MRI assessment of cervical spinal cord cross-sectional area in patients with multiple sclerosis

Middle Euphrates Neurosciences Center, Faculty of Medicine, Kufa University, Al-Najaf, Iraq
Department of Radiology, Al-Sadder Medical City, Al-Najaf, Iraq
Middle Euphrates Unit of Cancer Research, Kufa University College of Medicine, Al-Najaf, Iraq
Corresponding author: Zuhair Allebban, Middle Euphrates Unit of Cancer Research, Kufa University College of Medicine, Al-Najaf, Iraq. zuhair.allabban@uokufa.edu.iq
Licence
This is an open-access article distributed under the terms of the Creative Commons Attribution-Non Commercial-Share Alike 4.0 License, which allows others to remix, transform, and build upon the work non-commercially, as long as the author is credited and the new creations are licensed under the identical terms.

How to cite this article: Al-Tameemi HN, Hassoun HK, Mohammed IQ, Allebban Z. MRI assessment of cervical spinal cord cross-sectional area in patients with multiple sclerosis. J Neurosci Rural Pract 2023;14:660-6.

Abstract

Objectives:

Spinal cord abnormalities including cervical cord atrophy are common in multiple sclerosis (MS). This study aimed to assess the cervical spinal cord cross-sectional area (CSA) using magnetic resonance imaging (MRI) in MS patients.

Materials and Methods:

Sixty participants were enrolled in this study (16 male and 44 female), 30 patients with MS, diagnosed according to the revised McDonald criteria, and 30 apparently healthy individuals as the control group. CSA of the spinal cord was measured on axial T2-weighted images of the cervical MRI studies from C2 to C7 vertebral levels.

Results:

There was a significant difference between MS patients and the control group in mean CSA at a different level.
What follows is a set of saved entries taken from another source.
(* Consider the Gaussian broadcast model on $P=\mathcal{HS}_2$ with $\alpha_2=1/2$. Let $M,t$ be positive integers with $M\ge2^5$ and $t\ge2^{11}M^3$. Then for all integers $i,j$ with $|i-j|\le2M$, $$\sqrt t\ge\operatorname{Var}\big(X_{(i,t-i)}\big)\ge\operatorname{Cov}\big(X_{(i,t-i)},X_{(j,t-j)}\big)\ge\frac{\sqrt t}{50}.$$
   Context: Infinite model: $\mathcal{HS}_{d+1}=\{(x_1,\dots,x_{d+1})\in\mathbb Z^{d+1}:x_1+\dots+x_{d+1}\ge0\}$ with $u\le v$ iff $v-u\in\mathbb Z_{\ge0}^{d+1}$; layer $L_t$ = points with coordinate sum $t$; each point $v$ of rank $\ge1$ covers exactly the $d+1$ points $v-e_i$ (the set $\mathfrak p(v)$). Gaussian broadcast model: $X_0\sim\mathcal N(0,1)$; independently, i.i.d. $W_{u\to v}\sim\mathcal N(0,1)$ for covering pairs $u\lessdot v$; $X_v=X_0$ for every $v\in L_0$; and $X_v=\alpha_{d+1}\sum_{u\in\mathfrak p(v)}(X_u+W_{u\to v})$ for $v$ of rank $\ge1$. Here $d=1$. *)

theory Defs
  imports "HOL-Probability.Probability"
begin

definition covariance :: "'a measure \<Rightarrow> ('a \<Rightarrow> real) \<Rightarrow> ('a \<Rightarrow> real) \<Rightarrow> real" where
  "covariance M X Y =
     (\<integral>\<omega>. (X \<omega> - (\<integral>\<eta>. X \<eta> \<partial>M)) * (Y \<omega> - (\<integral>\<eta>. Y \<eta> \<partial>M)) \<partial>M)"

text \<open>Points of HS_2 are pairs of integers (a,b) with a+b \<ge> 0; the rank is a+b.
  The noise variables are indexed by
    None                 : the root variable X_0,
    Some ((a,b), True)   : W on the edge (a-1,b) \<lessdot> (a,b),
    Some ((a,b), False)  : W on the edge (a,b-1) \<lessdot> (a,b),
  for (a,b) of rank \<ge> 1.\<close>
definition HS2_noise_index :: "((int \<times> int) \<times> bool) option set" where
  "HS2_noise_index = {None} \<union> {Some ((a,b),c) | a b c. a + b \<ge> 1}"

definition gaussian_broadcast_HS2 ::
  "'s measure \<Rightarrow> (((int \<times> int) \<times> bool) option \<Rightarrow> 's \<Rightarrow> real) \<Rightarrow> (int \<times> int \<Rightarrow> 's \<Rightarrow> real) \<Rightarrow> bool"
where
  "gaussian_broadcast_HS2 M Z X \<longleftrightarrow>
     prob_space M \<and>
     prob_space.indep_vars M (\<lambda>_. borel) Z HS2_noise_index \<and>
     (\<forall>i\<in>HS2_noise_index. distributed M lborel (Z i) std_normal_density) \<and>
     (\<forall>a b. a + b = 0 \<longrightarrow> X (a,b) = Z None) \<and>
     (\<forall>a b. a + b \<ge> 1 \<longrightarrow>
        (\<forall>\<omega>. X (a,b) \<omega> = (1/2) *
            ((X (a-1,b) \<omega> + Z (Some ((a,b),True)) \<omega>) +
             (X (a,b-1) \<omega> + Z (Some ((a,b),False)) \<omega>))))"

end

theory Submission
  imports Defs
begin

text \<open>
  On a layer the covariance of the variables at \<open>(a, b)\<close> and \<open>(a', b')\<close> depends only on
  \<open>d = a - a'\<close>. Expanding both variables by the recursion shows that it satisfies
  \<open>c(t+1, d) = (c(t, d-1) + 2 c(t, d) + c(t, d+1)) / 4 + [d = 0] / 2\<close> with \<open>c(0, d) = 1\<close>,
  hence \<open>c(t, d) = 1 + 1/2 \<Sum>n<t. C(2n, n+d) / 4^n\<close>, a sum of transition probabilities of the
  lazy random walk with steps \<open>-1, 0, 0, +1\<close>. The central probabilities \<open>C(2n, n) / 4^n\<close> lie
  between \<open>1 / (2 sqrt n)\<close> and \<open>1 / sqrt (2n+1)\<close>, which bounds the variance \<open>c(t, 0)\<close> by
  \<open>sqrt t\<close>. For \<open>|d| \<le> D\<close> and \<open>n \<ge> 4 D^2\<close> the probability \<open>C(2n, n+d) / 4^n\<close> is at least
  half the central one, and the at least \<open>t/2\<close> such terms give \<open>c(t, d) \<ge> sqrt t / 16\<close>.
\<close>

section \<open>Binomial coefficients with an integer lower index\<close>

definition binom_int :: "nat \<Rightarrow> int \<Rightarrow> real" where
  "binom_int n k = (if k < 0 then 0 else real (n choose nat k))"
The mean CSA at C2, in MS cases, was significantly lower than controls (67.7 ± 9.4 mm2 vs. 81.3 ± 4.6 mm2). Similarly, the mean CSA at C7 (64.4 ± 9.9 mm2) and average C2–7 (68 ± 9.1 mm2) of MS cases were significantly lower than the control. There was a strong inverse correlation between mean cervical cord CSA and duration of the disease and disability score. The reduction in cervical cord CSA was more prominent in patients with secondary progressive MS. There was no significant difference regarding age, gender, type of treatment, or the number of cervical cord lesions.

Conclusion:

The mean CSA was significantly lower in patients with MS than in the control group and was lesser in progressive types. Patients with a longer duration of MS and a high disability score tend to have smaller CSA.

Keywords

Multiple sclerosis
Magnetic resonance imaging
Cervical
Spinal cord

INTRODUCTION

Multiple sclerosis (MS) is considered a progressive demyelinating disease of the central nervous system (CNS),[1,2] pathologically characterized by chronic inflammation, gliosis, axon loss, and demyelination distributed inside the CNS. MS tends to affect the optic nerves brainstem, periventricular white matter, and spinal cord.[3] Spinal cord abnormalities are common in MS and involve several pathological processes, including but not limited to gliosis, loss of neuroaxonal and demyelination, eventually causing autonomic dysfunction and sensory and chronic motor.[4]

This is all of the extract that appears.